* [Given information]:
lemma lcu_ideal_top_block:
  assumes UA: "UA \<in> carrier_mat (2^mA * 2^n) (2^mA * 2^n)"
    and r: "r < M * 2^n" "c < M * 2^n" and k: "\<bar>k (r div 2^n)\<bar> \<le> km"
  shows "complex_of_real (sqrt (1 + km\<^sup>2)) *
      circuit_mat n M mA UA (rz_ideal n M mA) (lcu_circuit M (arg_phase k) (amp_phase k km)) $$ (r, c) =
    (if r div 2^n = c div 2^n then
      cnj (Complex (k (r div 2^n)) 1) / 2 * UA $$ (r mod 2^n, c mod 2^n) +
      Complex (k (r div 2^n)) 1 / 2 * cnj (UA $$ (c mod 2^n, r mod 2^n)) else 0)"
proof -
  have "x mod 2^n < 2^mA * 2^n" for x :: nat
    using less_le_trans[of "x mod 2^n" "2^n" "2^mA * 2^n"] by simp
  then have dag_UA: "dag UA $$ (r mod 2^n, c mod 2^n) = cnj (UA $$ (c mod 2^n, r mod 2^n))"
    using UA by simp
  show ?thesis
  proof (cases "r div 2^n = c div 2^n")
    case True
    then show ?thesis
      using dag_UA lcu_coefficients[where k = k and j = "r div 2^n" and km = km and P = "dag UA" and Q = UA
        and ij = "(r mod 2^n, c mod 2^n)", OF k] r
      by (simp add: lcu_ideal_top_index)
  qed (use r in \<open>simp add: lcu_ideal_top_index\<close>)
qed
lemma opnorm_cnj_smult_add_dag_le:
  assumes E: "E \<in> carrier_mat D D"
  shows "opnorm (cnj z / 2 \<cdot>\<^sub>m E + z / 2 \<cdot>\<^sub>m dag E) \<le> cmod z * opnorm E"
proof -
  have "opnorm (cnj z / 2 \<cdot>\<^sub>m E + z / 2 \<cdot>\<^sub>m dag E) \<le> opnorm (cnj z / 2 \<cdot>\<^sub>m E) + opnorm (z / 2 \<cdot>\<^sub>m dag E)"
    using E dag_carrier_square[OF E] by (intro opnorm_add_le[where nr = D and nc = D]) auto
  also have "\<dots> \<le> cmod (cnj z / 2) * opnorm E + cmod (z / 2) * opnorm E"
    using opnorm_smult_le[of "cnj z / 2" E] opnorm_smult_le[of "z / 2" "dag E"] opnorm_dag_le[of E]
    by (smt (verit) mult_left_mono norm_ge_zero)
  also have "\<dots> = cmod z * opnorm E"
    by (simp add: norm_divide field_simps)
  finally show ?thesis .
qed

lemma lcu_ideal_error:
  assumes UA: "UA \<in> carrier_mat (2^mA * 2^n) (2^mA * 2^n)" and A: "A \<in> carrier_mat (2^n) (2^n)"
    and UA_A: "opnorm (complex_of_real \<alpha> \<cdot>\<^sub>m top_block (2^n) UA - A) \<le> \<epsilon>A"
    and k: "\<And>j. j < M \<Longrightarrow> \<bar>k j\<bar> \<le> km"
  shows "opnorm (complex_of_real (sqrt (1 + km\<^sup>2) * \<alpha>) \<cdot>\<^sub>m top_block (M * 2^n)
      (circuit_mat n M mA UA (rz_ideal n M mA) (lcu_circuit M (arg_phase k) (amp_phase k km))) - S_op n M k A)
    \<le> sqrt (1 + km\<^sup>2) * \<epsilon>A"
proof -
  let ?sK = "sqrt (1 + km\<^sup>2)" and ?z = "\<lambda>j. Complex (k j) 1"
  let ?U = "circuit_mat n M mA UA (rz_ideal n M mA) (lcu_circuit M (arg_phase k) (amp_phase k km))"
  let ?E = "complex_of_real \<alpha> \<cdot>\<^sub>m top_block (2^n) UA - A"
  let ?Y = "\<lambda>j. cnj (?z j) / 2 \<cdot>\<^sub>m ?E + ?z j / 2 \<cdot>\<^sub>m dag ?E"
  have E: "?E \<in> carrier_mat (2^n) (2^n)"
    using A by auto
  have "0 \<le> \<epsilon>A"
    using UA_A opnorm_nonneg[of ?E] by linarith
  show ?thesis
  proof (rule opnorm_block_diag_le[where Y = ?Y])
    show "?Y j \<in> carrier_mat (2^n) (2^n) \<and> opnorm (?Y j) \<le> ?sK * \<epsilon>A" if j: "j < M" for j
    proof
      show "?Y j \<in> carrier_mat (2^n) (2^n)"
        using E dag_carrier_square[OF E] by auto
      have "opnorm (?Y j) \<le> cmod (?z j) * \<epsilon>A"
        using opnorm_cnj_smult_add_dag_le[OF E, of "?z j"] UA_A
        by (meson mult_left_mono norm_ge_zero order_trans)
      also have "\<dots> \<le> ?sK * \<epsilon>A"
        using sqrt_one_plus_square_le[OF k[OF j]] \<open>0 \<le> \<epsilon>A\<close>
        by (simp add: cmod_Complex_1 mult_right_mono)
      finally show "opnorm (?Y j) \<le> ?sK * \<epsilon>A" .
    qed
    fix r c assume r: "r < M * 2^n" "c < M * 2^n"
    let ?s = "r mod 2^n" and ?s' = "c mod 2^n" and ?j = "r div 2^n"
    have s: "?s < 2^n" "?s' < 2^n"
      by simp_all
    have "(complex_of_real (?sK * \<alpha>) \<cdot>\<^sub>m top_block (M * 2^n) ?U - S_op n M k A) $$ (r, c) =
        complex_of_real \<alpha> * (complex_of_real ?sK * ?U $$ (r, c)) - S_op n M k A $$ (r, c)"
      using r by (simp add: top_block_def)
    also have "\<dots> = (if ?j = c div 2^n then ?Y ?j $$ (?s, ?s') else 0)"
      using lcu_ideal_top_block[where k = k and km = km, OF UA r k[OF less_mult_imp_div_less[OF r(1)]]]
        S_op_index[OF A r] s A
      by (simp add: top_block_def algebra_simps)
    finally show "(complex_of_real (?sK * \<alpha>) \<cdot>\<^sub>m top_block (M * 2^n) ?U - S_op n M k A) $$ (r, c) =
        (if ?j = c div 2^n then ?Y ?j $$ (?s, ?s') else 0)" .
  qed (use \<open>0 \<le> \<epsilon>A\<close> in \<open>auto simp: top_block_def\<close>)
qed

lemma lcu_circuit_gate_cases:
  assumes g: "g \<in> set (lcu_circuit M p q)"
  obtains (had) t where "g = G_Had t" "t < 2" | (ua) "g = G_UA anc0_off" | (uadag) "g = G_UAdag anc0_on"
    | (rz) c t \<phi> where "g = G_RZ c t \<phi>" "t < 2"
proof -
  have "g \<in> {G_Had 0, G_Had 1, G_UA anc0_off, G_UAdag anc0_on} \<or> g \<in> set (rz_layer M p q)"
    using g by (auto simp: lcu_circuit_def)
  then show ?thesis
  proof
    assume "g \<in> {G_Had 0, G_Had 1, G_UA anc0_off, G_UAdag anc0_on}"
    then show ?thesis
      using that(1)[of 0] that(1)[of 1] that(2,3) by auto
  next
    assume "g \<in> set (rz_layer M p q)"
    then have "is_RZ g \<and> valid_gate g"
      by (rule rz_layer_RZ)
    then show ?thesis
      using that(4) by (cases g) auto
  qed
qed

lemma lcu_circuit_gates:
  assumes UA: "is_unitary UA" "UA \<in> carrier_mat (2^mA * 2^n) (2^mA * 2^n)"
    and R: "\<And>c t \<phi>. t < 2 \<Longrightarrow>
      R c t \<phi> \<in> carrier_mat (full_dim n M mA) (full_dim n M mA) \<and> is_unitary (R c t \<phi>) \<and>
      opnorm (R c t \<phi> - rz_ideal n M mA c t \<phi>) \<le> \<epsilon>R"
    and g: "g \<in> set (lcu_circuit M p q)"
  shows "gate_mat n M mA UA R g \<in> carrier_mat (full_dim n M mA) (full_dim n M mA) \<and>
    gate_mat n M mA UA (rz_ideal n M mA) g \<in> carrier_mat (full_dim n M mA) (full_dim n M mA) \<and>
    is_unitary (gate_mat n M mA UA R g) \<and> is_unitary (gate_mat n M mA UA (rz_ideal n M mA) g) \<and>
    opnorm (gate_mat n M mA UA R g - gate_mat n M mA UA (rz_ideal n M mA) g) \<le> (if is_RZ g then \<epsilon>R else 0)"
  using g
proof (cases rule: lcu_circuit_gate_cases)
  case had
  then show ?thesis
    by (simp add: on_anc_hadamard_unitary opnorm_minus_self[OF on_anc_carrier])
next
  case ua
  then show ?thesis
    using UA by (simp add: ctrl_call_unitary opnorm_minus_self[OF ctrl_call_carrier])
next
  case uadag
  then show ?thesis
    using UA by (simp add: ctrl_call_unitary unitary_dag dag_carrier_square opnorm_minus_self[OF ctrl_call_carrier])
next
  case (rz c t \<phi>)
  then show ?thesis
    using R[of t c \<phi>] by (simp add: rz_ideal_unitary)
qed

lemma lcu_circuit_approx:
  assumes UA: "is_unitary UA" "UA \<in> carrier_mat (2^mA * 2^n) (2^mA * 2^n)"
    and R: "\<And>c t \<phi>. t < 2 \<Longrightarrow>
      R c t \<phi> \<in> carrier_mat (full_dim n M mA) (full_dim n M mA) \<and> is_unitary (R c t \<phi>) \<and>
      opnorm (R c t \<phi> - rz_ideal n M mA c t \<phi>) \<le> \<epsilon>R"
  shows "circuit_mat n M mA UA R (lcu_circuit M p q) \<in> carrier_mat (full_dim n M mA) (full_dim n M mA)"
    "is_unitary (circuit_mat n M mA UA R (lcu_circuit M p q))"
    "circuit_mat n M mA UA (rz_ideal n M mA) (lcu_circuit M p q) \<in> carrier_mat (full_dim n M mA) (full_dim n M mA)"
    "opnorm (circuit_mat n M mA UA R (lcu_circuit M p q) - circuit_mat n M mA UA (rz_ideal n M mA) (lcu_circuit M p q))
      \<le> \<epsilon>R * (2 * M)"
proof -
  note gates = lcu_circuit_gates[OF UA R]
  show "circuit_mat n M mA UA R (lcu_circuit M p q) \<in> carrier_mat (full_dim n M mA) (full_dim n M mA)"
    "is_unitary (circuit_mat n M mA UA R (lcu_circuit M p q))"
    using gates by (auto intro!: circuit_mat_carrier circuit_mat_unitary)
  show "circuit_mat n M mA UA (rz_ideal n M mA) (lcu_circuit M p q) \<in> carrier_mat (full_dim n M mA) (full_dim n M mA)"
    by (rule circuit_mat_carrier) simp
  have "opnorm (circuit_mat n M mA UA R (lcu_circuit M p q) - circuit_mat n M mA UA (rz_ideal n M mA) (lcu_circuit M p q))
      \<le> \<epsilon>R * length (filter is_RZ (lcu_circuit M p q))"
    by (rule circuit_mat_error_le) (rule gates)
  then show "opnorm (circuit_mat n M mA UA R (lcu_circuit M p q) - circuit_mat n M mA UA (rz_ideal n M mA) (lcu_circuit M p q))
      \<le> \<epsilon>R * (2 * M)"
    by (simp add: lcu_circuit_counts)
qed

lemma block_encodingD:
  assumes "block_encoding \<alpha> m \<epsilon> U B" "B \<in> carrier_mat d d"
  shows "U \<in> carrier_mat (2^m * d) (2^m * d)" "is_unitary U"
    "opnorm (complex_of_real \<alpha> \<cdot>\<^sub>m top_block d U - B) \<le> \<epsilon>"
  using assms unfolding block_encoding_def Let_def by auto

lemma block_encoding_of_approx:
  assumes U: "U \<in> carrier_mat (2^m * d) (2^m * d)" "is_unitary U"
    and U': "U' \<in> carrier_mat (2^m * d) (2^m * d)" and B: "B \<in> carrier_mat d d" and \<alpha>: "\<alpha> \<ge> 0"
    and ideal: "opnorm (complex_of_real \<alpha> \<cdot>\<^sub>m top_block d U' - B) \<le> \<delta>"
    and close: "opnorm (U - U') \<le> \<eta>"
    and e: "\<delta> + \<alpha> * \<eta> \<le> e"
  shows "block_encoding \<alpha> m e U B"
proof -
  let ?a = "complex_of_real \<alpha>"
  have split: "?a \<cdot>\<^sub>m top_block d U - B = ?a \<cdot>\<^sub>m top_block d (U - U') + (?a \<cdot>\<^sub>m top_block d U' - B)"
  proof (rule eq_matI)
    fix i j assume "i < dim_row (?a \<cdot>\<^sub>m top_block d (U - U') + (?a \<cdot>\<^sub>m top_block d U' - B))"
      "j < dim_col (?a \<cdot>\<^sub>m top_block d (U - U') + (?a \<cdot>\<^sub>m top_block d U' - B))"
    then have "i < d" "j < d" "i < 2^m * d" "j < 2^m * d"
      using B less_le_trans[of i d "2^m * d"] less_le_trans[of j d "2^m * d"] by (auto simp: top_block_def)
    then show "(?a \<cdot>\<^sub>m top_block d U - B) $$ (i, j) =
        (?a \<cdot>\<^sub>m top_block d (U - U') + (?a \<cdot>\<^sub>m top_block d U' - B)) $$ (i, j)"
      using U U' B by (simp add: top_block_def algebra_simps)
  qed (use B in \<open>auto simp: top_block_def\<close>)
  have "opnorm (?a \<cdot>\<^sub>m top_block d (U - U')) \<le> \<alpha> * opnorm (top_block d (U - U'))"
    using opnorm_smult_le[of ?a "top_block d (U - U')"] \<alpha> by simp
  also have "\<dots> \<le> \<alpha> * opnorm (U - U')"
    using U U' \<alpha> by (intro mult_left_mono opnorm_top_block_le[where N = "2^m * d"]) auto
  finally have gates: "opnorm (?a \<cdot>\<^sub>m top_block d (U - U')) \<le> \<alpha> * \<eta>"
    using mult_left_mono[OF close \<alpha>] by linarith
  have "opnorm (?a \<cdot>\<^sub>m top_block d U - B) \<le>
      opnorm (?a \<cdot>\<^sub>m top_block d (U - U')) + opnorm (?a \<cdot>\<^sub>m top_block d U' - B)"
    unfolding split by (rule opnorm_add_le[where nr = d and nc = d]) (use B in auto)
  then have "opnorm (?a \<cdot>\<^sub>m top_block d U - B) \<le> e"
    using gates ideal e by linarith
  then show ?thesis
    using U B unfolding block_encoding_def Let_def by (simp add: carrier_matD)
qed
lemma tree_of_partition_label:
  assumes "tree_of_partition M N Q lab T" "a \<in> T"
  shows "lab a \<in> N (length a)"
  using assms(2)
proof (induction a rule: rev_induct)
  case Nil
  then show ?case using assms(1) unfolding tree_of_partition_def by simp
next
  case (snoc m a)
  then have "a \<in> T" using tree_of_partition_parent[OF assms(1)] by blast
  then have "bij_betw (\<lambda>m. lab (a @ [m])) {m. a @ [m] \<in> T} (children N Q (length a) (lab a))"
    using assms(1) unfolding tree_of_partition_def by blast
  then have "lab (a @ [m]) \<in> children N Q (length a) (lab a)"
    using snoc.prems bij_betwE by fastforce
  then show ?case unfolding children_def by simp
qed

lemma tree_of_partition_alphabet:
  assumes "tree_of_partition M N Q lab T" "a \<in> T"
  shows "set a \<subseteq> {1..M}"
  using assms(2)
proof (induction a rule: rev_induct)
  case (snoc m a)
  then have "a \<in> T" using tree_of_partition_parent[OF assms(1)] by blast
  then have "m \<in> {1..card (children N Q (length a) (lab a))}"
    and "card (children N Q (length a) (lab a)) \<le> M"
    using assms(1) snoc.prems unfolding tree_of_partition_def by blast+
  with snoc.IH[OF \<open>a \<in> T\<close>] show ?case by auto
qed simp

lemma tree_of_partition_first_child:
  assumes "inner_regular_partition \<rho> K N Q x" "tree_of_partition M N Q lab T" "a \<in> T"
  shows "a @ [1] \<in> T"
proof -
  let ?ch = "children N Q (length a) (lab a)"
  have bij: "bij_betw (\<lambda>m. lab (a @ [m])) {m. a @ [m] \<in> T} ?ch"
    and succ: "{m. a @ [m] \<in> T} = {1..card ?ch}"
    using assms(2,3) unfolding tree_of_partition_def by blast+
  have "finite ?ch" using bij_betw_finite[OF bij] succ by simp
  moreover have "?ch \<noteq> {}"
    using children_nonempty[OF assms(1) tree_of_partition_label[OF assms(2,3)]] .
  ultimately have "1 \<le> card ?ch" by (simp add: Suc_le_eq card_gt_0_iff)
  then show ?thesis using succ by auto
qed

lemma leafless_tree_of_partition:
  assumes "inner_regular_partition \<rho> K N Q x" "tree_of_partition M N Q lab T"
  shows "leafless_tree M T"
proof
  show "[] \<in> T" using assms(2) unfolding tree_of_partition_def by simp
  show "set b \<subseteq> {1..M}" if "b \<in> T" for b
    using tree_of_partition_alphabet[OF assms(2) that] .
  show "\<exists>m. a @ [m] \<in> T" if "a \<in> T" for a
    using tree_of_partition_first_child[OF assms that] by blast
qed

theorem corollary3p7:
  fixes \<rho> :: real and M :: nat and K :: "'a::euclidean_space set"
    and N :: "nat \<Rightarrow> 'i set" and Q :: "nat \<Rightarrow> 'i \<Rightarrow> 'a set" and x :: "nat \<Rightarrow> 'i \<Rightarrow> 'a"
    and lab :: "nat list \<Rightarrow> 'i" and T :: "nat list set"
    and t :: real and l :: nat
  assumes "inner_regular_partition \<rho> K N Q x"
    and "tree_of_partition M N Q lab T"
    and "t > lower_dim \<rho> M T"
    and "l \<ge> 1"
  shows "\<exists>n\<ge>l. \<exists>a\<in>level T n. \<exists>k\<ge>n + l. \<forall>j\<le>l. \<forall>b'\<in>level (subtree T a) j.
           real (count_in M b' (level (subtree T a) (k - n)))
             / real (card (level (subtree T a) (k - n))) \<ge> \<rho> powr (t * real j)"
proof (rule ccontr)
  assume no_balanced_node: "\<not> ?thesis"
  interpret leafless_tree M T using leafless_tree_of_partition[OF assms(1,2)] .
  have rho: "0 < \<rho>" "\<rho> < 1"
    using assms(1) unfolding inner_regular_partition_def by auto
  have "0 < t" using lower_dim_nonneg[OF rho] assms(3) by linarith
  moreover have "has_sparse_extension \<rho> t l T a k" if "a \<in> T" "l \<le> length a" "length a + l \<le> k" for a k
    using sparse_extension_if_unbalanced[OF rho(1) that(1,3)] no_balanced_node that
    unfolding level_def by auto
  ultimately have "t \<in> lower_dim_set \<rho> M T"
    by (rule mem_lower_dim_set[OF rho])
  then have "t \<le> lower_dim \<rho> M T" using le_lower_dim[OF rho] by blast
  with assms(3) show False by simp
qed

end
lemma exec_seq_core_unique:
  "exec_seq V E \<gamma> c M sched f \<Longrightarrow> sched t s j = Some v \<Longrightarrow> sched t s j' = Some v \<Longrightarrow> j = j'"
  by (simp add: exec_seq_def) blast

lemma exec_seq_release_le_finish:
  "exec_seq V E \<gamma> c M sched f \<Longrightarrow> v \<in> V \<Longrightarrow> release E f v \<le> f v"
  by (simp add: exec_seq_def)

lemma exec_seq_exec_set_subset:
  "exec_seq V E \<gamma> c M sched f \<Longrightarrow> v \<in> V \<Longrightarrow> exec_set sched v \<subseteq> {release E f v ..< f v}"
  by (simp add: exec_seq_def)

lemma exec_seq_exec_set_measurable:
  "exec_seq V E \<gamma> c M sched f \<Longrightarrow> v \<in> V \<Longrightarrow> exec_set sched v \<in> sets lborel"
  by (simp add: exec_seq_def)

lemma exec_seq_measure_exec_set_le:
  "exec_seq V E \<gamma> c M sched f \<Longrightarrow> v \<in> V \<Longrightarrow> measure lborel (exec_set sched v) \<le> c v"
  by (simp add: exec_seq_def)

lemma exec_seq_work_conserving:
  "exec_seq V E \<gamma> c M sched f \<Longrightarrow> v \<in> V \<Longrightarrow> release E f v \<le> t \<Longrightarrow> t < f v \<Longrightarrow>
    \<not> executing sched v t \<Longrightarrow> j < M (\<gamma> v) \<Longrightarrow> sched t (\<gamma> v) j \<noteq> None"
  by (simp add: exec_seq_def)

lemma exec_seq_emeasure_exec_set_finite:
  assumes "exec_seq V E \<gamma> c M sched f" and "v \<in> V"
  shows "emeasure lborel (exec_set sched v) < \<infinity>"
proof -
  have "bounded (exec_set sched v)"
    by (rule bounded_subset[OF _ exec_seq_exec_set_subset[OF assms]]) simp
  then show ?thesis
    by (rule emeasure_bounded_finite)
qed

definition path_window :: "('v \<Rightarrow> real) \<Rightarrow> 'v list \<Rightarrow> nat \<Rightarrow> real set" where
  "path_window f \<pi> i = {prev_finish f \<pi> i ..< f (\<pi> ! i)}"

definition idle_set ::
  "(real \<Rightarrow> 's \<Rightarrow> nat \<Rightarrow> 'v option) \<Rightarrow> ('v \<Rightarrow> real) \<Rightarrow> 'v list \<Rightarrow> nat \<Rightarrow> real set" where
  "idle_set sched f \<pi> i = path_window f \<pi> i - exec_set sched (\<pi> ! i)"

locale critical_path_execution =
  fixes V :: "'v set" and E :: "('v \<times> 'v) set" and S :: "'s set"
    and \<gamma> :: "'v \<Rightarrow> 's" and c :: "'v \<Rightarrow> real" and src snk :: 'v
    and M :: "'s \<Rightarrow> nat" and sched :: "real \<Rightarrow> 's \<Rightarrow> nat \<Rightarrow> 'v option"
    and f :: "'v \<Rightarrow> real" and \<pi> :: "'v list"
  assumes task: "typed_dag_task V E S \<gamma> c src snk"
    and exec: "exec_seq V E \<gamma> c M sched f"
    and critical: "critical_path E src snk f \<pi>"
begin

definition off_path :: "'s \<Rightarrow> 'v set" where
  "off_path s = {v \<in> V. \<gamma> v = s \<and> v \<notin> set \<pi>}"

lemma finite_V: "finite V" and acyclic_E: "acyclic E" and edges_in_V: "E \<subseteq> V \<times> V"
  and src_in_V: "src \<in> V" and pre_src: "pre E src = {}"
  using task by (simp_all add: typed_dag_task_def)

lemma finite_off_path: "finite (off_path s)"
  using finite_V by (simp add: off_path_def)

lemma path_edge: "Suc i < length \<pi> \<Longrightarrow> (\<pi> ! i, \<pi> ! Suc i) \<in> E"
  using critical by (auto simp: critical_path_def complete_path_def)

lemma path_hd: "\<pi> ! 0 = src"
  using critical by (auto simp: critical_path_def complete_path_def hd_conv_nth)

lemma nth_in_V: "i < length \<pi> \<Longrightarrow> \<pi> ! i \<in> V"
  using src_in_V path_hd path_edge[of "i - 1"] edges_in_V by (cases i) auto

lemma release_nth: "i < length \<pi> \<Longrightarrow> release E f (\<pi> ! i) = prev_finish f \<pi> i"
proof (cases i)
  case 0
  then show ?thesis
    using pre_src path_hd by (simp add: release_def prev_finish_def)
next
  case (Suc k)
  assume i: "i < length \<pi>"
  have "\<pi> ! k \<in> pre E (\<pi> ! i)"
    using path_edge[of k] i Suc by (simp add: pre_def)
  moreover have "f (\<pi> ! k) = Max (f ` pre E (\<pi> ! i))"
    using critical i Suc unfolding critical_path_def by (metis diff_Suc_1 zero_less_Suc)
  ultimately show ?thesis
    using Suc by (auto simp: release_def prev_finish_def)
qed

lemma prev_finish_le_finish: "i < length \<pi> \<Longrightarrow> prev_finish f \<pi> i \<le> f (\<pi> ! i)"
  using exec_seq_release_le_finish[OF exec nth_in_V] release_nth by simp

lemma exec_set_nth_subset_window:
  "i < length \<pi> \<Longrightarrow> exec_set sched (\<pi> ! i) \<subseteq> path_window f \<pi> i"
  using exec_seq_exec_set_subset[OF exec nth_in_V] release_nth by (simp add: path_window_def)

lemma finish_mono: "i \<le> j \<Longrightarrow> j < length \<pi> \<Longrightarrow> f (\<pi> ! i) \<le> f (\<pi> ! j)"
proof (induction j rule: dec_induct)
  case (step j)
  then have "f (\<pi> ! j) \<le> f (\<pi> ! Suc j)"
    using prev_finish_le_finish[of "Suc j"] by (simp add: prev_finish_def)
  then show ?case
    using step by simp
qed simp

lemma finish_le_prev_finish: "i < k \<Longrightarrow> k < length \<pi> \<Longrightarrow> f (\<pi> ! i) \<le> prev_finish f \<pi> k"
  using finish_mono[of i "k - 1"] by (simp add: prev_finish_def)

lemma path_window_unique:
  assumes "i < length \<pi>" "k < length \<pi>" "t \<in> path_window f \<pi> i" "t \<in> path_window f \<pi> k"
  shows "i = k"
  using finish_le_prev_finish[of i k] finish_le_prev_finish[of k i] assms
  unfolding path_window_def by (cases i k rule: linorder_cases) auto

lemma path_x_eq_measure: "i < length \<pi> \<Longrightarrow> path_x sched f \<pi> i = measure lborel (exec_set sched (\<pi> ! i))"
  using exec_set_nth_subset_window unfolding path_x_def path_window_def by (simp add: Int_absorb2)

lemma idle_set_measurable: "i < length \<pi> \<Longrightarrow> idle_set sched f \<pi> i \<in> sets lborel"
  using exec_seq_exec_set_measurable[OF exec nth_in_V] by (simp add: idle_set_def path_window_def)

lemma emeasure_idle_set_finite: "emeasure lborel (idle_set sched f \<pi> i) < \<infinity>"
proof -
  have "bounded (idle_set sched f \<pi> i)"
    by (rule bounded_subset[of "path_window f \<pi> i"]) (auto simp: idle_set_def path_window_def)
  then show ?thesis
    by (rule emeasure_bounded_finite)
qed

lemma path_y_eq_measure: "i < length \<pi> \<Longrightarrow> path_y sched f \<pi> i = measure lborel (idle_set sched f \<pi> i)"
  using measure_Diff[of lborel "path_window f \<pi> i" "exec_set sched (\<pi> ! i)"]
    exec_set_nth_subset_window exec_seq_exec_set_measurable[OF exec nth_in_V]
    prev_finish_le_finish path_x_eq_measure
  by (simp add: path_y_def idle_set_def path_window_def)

* [Task statement]: Taking the line with "then show ?case unfolding" as the first and the line with "using assms(2,3) unfolding" as the last, retype that stretch of the data above exactly, with no other lines.

* [Answer to the exercise]:
  then show ?case unfolding children_def by simp
qed

lemma tree_of_partition_alphabet:
  assumes "tree_of_partition M N Q lab T" "a \<in> T"
  shows "set a \<subseteq> {1..M}"
  using assms(2)
proof (induction a rule: rev_induct)
  case (snoc m a)
  then have "a \<in> T" using tree_of_partition_parent[OF assms(1)] by blast
  then have "m \<in> {1..card (children N Q (length a) (lab a))}"
    and "card (children N Q (length a) (lab a)) \<le> M"
    using assms(1) snoc.prems unfolding tree_of_partition_def by blast+
  with snoc.IH[OF \<open>a \<in> T\<close>] show ?case by auto
qed simp

lemma tree_of_partition_first_child:
  assumes "inner_regular_partition \<rho> K N Q x" "tree_of_partition M N Q lab T" "a \<in> T"
  shows "a @ [1] \<in> T"
proof -
  let ?ch = "children N Q (length a) (lab a)"
  have bij: "bij_betw (\<lambda>m. lab (a @ [m])) {m. a @ [m] \<in> T} ?ch"
    and succ: "{m. a @ [m] \<in> T} = {1..card ?ch}"
    using assms(2,3) unfolding tree_of_partition_def by blast+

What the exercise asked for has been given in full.